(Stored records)
..........

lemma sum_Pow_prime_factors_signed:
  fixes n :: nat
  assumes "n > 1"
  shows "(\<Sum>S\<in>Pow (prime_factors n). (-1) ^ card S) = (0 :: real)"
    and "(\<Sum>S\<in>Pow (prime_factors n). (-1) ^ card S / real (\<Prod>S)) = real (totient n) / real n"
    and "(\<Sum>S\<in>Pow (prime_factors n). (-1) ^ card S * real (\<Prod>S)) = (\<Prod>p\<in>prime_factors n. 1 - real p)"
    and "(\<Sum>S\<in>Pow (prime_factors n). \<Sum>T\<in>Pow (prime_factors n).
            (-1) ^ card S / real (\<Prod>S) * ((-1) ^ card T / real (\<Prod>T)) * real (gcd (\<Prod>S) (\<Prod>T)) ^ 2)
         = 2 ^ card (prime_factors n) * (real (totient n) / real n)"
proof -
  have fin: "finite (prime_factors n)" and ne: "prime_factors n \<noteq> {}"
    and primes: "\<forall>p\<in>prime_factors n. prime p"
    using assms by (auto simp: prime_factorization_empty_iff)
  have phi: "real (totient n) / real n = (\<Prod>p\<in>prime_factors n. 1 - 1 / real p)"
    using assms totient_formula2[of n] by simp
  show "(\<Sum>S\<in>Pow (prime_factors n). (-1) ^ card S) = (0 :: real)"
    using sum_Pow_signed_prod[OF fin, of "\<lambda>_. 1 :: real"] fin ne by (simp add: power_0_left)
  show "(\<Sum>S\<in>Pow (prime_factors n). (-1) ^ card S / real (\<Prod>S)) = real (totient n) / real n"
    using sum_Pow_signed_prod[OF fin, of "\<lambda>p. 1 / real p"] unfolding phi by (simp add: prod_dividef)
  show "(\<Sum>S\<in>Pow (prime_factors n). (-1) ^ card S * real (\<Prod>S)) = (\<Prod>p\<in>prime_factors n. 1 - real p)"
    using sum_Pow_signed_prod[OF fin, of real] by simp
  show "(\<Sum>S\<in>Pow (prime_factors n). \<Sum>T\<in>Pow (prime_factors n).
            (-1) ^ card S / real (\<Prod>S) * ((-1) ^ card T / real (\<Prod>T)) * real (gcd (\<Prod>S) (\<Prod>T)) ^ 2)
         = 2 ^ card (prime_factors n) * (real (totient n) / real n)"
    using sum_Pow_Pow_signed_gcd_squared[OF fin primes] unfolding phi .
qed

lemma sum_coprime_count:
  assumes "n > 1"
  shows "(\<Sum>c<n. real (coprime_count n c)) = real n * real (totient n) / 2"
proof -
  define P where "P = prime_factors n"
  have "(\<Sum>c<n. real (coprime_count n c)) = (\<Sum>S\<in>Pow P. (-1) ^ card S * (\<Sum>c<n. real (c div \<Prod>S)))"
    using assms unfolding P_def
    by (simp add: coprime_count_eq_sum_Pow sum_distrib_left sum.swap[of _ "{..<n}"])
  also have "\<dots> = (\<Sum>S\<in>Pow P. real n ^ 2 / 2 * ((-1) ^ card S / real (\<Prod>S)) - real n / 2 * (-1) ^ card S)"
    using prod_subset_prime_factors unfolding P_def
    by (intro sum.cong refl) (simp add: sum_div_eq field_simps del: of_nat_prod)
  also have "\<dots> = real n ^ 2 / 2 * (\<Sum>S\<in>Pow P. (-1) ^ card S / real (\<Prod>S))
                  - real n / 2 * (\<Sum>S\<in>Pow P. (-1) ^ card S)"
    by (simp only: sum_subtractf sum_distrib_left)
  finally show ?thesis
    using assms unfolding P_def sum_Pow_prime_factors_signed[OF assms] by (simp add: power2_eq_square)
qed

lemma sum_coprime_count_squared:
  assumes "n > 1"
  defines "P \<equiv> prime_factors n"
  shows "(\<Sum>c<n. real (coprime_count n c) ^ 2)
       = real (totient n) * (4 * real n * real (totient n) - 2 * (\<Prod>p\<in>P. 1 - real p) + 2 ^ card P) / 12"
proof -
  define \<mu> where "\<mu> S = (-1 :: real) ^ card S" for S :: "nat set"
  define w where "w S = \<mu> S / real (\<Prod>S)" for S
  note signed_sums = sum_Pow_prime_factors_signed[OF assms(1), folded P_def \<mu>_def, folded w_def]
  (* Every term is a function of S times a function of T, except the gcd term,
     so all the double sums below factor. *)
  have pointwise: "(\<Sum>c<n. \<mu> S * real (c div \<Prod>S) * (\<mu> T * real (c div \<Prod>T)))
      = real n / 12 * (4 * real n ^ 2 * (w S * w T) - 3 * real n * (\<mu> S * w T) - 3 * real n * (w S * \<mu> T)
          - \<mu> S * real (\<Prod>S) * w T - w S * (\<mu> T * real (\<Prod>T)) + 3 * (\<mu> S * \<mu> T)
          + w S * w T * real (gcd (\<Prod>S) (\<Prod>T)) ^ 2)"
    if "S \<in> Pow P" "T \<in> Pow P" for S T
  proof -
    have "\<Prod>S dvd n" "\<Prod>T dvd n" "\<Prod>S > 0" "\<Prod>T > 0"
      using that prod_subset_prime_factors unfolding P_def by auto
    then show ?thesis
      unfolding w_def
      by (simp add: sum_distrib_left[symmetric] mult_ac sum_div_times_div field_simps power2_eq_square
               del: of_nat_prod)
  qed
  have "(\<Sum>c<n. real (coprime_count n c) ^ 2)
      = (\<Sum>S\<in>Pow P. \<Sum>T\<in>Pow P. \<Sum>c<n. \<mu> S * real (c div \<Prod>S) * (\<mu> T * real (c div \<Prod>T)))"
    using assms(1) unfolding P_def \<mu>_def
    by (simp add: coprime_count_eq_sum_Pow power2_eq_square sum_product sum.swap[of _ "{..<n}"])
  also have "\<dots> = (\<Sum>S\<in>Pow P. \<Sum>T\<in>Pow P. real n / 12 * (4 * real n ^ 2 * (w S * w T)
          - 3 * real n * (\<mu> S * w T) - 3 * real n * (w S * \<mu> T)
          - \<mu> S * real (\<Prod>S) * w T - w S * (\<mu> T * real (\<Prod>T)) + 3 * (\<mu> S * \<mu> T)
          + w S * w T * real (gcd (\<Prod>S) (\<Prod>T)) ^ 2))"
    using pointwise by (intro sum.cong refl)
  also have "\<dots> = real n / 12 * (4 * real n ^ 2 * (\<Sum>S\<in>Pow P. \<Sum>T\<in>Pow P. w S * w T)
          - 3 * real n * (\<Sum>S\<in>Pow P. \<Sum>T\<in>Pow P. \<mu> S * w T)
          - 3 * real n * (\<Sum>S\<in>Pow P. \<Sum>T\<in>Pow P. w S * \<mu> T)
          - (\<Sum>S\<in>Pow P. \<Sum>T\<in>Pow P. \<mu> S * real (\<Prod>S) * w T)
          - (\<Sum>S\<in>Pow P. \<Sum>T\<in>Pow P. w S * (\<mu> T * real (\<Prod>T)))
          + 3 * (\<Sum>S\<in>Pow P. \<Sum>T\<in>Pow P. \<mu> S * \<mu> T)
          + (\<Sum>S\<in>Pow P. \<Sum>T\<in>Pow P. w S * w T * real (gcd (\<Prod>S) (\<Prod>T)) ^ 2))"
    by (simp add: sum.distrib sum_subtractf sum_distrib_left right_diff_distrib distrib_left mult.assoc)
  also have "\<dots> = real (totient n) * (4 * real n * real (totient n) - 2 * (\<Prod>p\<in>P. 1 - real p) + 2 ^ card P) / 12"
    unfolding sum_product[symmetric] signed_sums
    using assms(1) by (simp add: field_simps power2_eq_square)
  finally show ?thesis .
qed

..........

— TASK STATEMENT —
Your task is to copy every line of the entries that contains the string "thesis".

— TASK ANSWER —
  finally show ?thesis
    then show ?thesis
  finally show ?thesis .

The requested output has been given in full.